Exercise directions: The result should be every line in the material below containing the string "mathcal".

Exercise input:
(* Let $\mathcal{M}_0$ be the set of all probability distributions on $\mathbb{R}$ and $T:\mathcal{M}_0\to\mathcal{M}_0$. (i) $T\circ T^u=T^u\circ T$ for every increasing left-continuous $u:\mathbb{R}\to\mathbb{R}$ if and only if $T=T_d$ for some right-continuous $d\in\widehat{\mathcal{F}_D}$. (ii) $T\circ T_d=T_d\circ T$ for every right-continuous $d\in\widehat{\mathcal{F}_D}$ if and only if $T=T^u$ for some increasing left-continuous $u:\mathbb{R}\to\mathbb{R}$.
   Context: Increasing means non-decreasing. $\widehat{\mathcal{F}_D}$ is the set of increasing functions $d:[0,1]\to[0,1]$ with $d(0)=\lim_{x\downarrow0}d(x)=0$ and $d(1)=\lim_{x\uparrow1}d(x)=1$. For such $d$, $T_d:\mathcal{M}_0\to\mathcal{M}_0$ is $T_d(F)(x)=\lim_{y\downarrow x}d(F(y))$ (distributions identified with cdfs). For increasing $u$, $T^u(F)=F\circ u^{-1}$ is the distribution of $u(X)$ when $X\sim F$. *)

theory Defs
  imports "HOL-Analysis.Analysis"
begin

text \<open>Probability distributions on the reals, identified with their cdfs.\<close>
definition M0 :: "(real \<Rightarrow> real) set" where
  "M0 = {F. mono F \<and> (\<forall>x. continuous (at_right x) F)
            \<and> (F \<longlongrightarrow> 0) at_bot \<and> (F \<longlongrightarrow> 1) at_top}"

text \<open>The class of distortion functions (values outside [0,1] are irrelevant).\<close>
definition FD_hat :: "(real \<Rightarrow> real) set" where
  "FD_hat = {d. (\<forall>x\<in>{0..1}. d x \<in> {0..1}) \<and> mono_on {0..1} d
             \<and> d 0 = 0 \<and> (d \<longlongrightarrow> 0) (at_right 0)
             \<and> d 1 = 1 \<and> (d \<longlongrightarrow> 1) (at_left 1)}"

definition right_cont_on01 :: "(real \<Rightarrow> real) \<Rightarrow> bool" where
  "right_cont_on01 d \<longleftrightarrow> (\<forall>x\<in>{0..<1}. continuous (at_right x) d)"

definition Td :: "(real \<Rightarrow> real) \<Rightarrow> (real \<Rightarrow> real) \<Rightarrow> (real \<Rightarrow> real)" where
  "Td d F = (\<lambda>x. Lim (at_right x) (\<lambda>y. d (F y)))"

text \<open>T^u(F): cdf of u(X) where X has cdf F, i.e. x \<mapsto> P_F(u \<le> x).\<close>
definition Tu :: "(real \<Rightarrow> real) \<Rightarrow> (real \<Rightarrow> real) \<Rightarrow> (real \<Rightarrow> real)" where
  "Tu u F = (\<lambda>x. measure (interval_measure F) {y. u y \<le> x})"

definition incr_left_cont :: "(real \<Rightarrow> real) \<Rightarrow> bool" where
  "incr_left_cont u \<longleftrightarrow> mono u \<and> (\<forall>x. continuous (at_left x) u)"

end

theory Submission
  imports Defs "HOL-Probability.Distribution_Functions" "HOL-Real_Asymp.Real_Asymp"
begin

text \<open>The operators \<open>T\<^sup>u\<close> and \<open>T\<^sub>d\<close> commute with each other, and each family is transitive
  from one reference distribution \<open>G\<close> with a continuous, strictly increasing cdf (we take the
  logistic distribution): every \<open>F\<close> equals \<open>T\<^sup>u G\<close> for \<open>u = F\<^sup>-\<^sup>1 \<circ> G\<close> and \<open>T\<^sub>d G\<close> for
  \<open>d = F \<circ> G\<^sup>-\<^sup>1\<close>. An operator commuting with one family is therefore determined by its value
  at \<open>G\<close>; that value is reached from \<open>G\<close> by a member of the other family, and commutation
  propagates the agreement at \<open>G\<close> to every distribution.\<close>

lemma commutant_of_transitive_commuting_families:
  fixes a :: "'i \<Rightarrow> 'x \<Rightarrow> 'x" and b :: "'j \<Rightarrow> 'x \<Rightarrow> 'x"
  assumes commute: "\<And>i j F. P i \<Longrightarrow> Q j \<Longrightarrow> F \<in> S \<Longrightarrow> a i (b j F) = b j (a i F)"
    and a_closed: "\<And>i F. P i \<Longrightarrow> F \<in> S \<Longrightarrow> a i F \<in> S"
    and G: "G \<in> S"
    and a_onto: "\<And>F. F \<in> S \<Longrightarrow> \<exists>i. P i \<and> a i G = F"
    and b_onto: "\<And>F. F \<in> S \<Longrightarrow> \<exists>j. Q j \<and> b j G = F"
    and T: "\<And>F. F \<in> S \<Longrightarrow> T F \<in> S"
  shows "(\<forall>i. P i \<longrightarrow> (\<forall>F\<in>S. T (a i F) = a i (T F))) \<longleftrightarrow> (\<exists>j. Q j \<and> (\<forall>F\<in>S. T F = b j F))"
proof
  assume Ta: "\<forall>i. P i \<longrightarrow> (\<forall>F\<in>S. T (a i F) = a i (T F))"
  obtain j where j: "Q j" "b j G = T G"
    using b_onto[OF T[OF G]] by blast
  have "T F = b j F" if F: "F \<in> S" for F
  proof -
    obtain i where i: "P i" "a i G = F"
      using a_onto[OF F] by blast
    have "T F = a i (T G)" using Ta i G by auto
    also have "\<dots> = a i (b j G)" using j by simp
    also have "\<dots> = b j F" using commute[OF i(1) j(1) G] i by simp
    finally show ?thesis .
  qed
  then show "\<exists>j. Q j \<and> (\<forall>F\<in>S. T F = b j F)" using j by blast
next
  assume "\<exists>j. Q j \<and> (\<forall>F\<in>S. T F = b j F)"
  then show "\<forall>i. P i \<longrightarrow> (\<forall>F\<in>S. T (a i F) = a i (T F))"
    using commute a_closed by auto
qed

Solution:
(* Let $\mathcal{M}_0$ be the set of all probability distributions on $\mathbb{R}$ and $T:\mathcal{M}_0\to\mathcal{M}_0$. (i) $T\circ T^u=T^u\circ T$ for every increasing left-continuous $u:\mathbb{R}\to\mathbb{R}$ if and only if $T=T_d$ for some right-continuous $d\in\widehat{\mathcal{F}_D}$. (ii) $T\circ T_d=T_d\circ T$ for every right-continuous $d\in\widehat{\mathcal{F}_D}$ if and only if $T=T^u$ for some increasing left-continuous $u:\mathbb{R}\to\mathbb{R}$.
   Context: Increasing means non-decreasing. $\widehat{\mathcal{F}_D}$ is the set of increasing functions $d:[0,1]\to[0,1]$ with $d(0)=\lim_{x\downarrow0}d(x)=0$ and $d(1)=\lim_{x\uparrow1}d(x)=1$. For such $d$, $T_d:\mathcal{M}_0\to\mathcal{M}_0$ is $T_d(F)(x)=\lim_{y\downarrow x}d(F(y))$ (distributions identified with cdfs). For increasing $u$, $T^u(F)=F\circ u^{-1}$ is the distribution of $u(X)$ when $X\sim F$. *)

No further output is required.